Discovery based EC2 Tags
Another solution could be to discover exporter based on EC2 Tags. This allows to dynamically reconfigure Prometheus in case a new instance gets detected. Here the github repo: prometheus-aws-discovery
Run on instance
Therefore a simple go binary must be executed next to Prometheus that scrapes and generates a file that is readable by file_sd_config. By default Prometheus now checks this file every 5 minutes to detect if there is a change available.
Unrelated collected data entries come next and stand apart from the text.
lemma is_decomp_component:
  assumes d: "is_decomp p f \<omega>' a \<omega> \<nu> w" and "0 < p" and i: "i < f"
  defines "k \<equiv> (i + 1) mod f"
  shows "(\<forall>j<3. wsmul (-1) (piInv f \<omega>) i j = alc_trans (a k) (decomp_class \<omega>' k) j)
       \<and> w i = alc_perm (a k) (decomp_class \<omega>' k)"
proof -
  from d have \<nu>: "\<nu> \<in> LR f" and \<omega>': "\<omega>' = wadd \<omega> \<nu>" and W1: "(\<omega>, w) \<in> W1plus p f"
    and maps: "\<And>x::real wt. wf f x \<Longrightarrow> in_alc p f (\<lambda>_. AlcA) x \<Longrightarrow>
          in_alc p f (alc_piInv f a) (dot p f (wsmul (-1) (piInv f \<omega>)) w x)"
    unfolding is_decomp_def by auto
  from W1 have \<omega>: "\<omega> \<in> LW f" and w: "w \<in> Weyl f" unfolding W1plus_def by auto
  have k: "k < f" unfolding k_def using i by simp
  define n where "n j = wsmul (-1) (piInv f \<omega>) i j" for j
  have n: "n j = - \<omega> k j" for j unfolding n_def k_def wsmul_def piInv_def using i by simp
  have "n 2 = 0" using \<omega> unfolding n LW_def by simp
  have s: "w i permutes {0..<3}" using w i unfolding Weyl_def by auto
  have probes: "alcove_coords 4 (a k) (\<lambda>j. 4 * n j + z (w i j))"
    if "z \<in> {probe1, probe2, probe3}" for z
    using alcove_coords_dot_probe_pt[OF \<open>0 < p\<close> i s
        maps[OF wf_probe_pt in_alc_probe_pt[OF \<open>0 < p\<close> that]]]
    by (simp add: n_def alc_piInv_def i k_def)
  have cls: "(n 0 + n 1) mod 3 = decomp_class \<omega>' k"
  proof -
    have "3 dvd (\<nu> k 0 + \<nu> k 1 + \<nu> k 2)" "\<nu> k 2 = 0" using \<nu> k unfolding LR_def LW_def by auto
    moreover have "\<omega>' k 0 = \<omega> k 0 + \<nu> k 0" "\<omega>' k 1 = \<omega> k 1 + \<nu> k 1"
      using \<omega>' by (simp_all add: wadd_def)
    ultimately show ?thesis unfolding decomp_class_def n by presburger
  qed
  have "(\<forall>j<3. n j = alc_trans (a k) (decomp_class \<omega>' k) j)
      \<and> w i = alc_perm (a k) (decomp_class \<omega>' k)"
    using alc_step_unique[OF s \<open>n 2 = 0\<close> probes] unfolding cls .
  then show ?thesis unfolding n_def .
qed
curl -L -o prometheus-aws-discovery https://github.com/DaspawnW/prometheus-aws-discovery/releases/download/v0.3/prometheus-aws-discovery-linux-amd64
The file_sd_config should look like this:
global:
...
scrape_configs:
...
- job_name: aws-discovery
file_sd_config:
- files:
- /etc/prometheus-aws-discovery/prometheus-aws-discovery.json
And a cronjob that regenerates the prometheus-aws-discovery.json file for example every 5 minutes:
*/5 * * * * /etc/prometheus-aws-discovery/prometheus-aws-discovery -output file -file-path /etc/prometheus-aws-discovery/prometheus-aws-discovery.json
Run in Kubernetes
In case you are using the Prometheus helm chart you can also use it with Kubernetes. Therefore the following CronJob can update the server-configmap.yaml and add a new key to it in the json format readable by file_sd_config:
apiVersion: batch/v1beta1
kind: CronJob
metadata:
name: aws-prometheus-discovery-job
spec:
concurrencyPolicy: Replace
failedJobsHistoryLimit: 1
successfulJobsHistoryLimit: 0
schedule: "{{ .Values.awsdiscovery.schedule }}"
jobTemplate:
spec:
backoffLimit: 2
template:
metadata:
{{- if .Values.awsdiscovery.podAnnotations }}
annotations:
{{ toYaml .Values.awsdiscovery.podAnnotations | indent 12 }}
{{- end }}
spec:
restartPolicy: OnFailure
serviceAccountName: aws-prometheus-discovery-job
containers:
- name: aws-discovery
image: "{{ .Values.awsdiscovery.image }}:{{ .Values.awsdiscovery.tag }}"
args:
- -output=kubernetes
- -kube-configmap-name={{ .Values.awsdiscovery.configmapName }}
- -kube-configmap-key=prometheus-aws-discovery.json
env:
- name: "AWS_REGION"
value: "eu-central-1"
The following RBAC configuration is required:
apiVersion: rbac.authorization.k8s.io/v1beta1
kind: Role
metadata:
name: aws-prometheus-discovery-job
rules:
- apiGroups:
- ""
resources:
- configmaps
resourceNames:
- {{ .Values.awsdiscovery.configmapName }}
verbs:
- get
- update
- patch
---
apiVersion: v1
kind: ServiceAccount
metadata:
name: aws-prometheus-discovery-job
---
apiVersion: rbac.authorization.k8s.io/v1beta1
kind: RoleBinding
metadata:
name: aws-prometheus-discovery-job
subjects:
- kind: ServiceAccount
namespace: {{ .Release.Namespace }}
name: aws-prometheus-discovery-job
roleRef:
kind: Role
name: aws-prometheus-discovery-job
apiGroup: rbac.authorization.k8s.io
The following values are required:
awsdiscovery:
schedule: "*/5 * * * *"
### in case you are using kube2iam here you can configure the role
#podAnnotations:
image: daspawnw/prometheus-aws-discovery
tag: v0.3
configmapName: prometheus
Afterwards the prometheus.yaml file must be extended to read the file_sd_config as described in the example above.
Now Prometheus detects new instances based on tags and reconfigures itself when a new instance starts or terminates.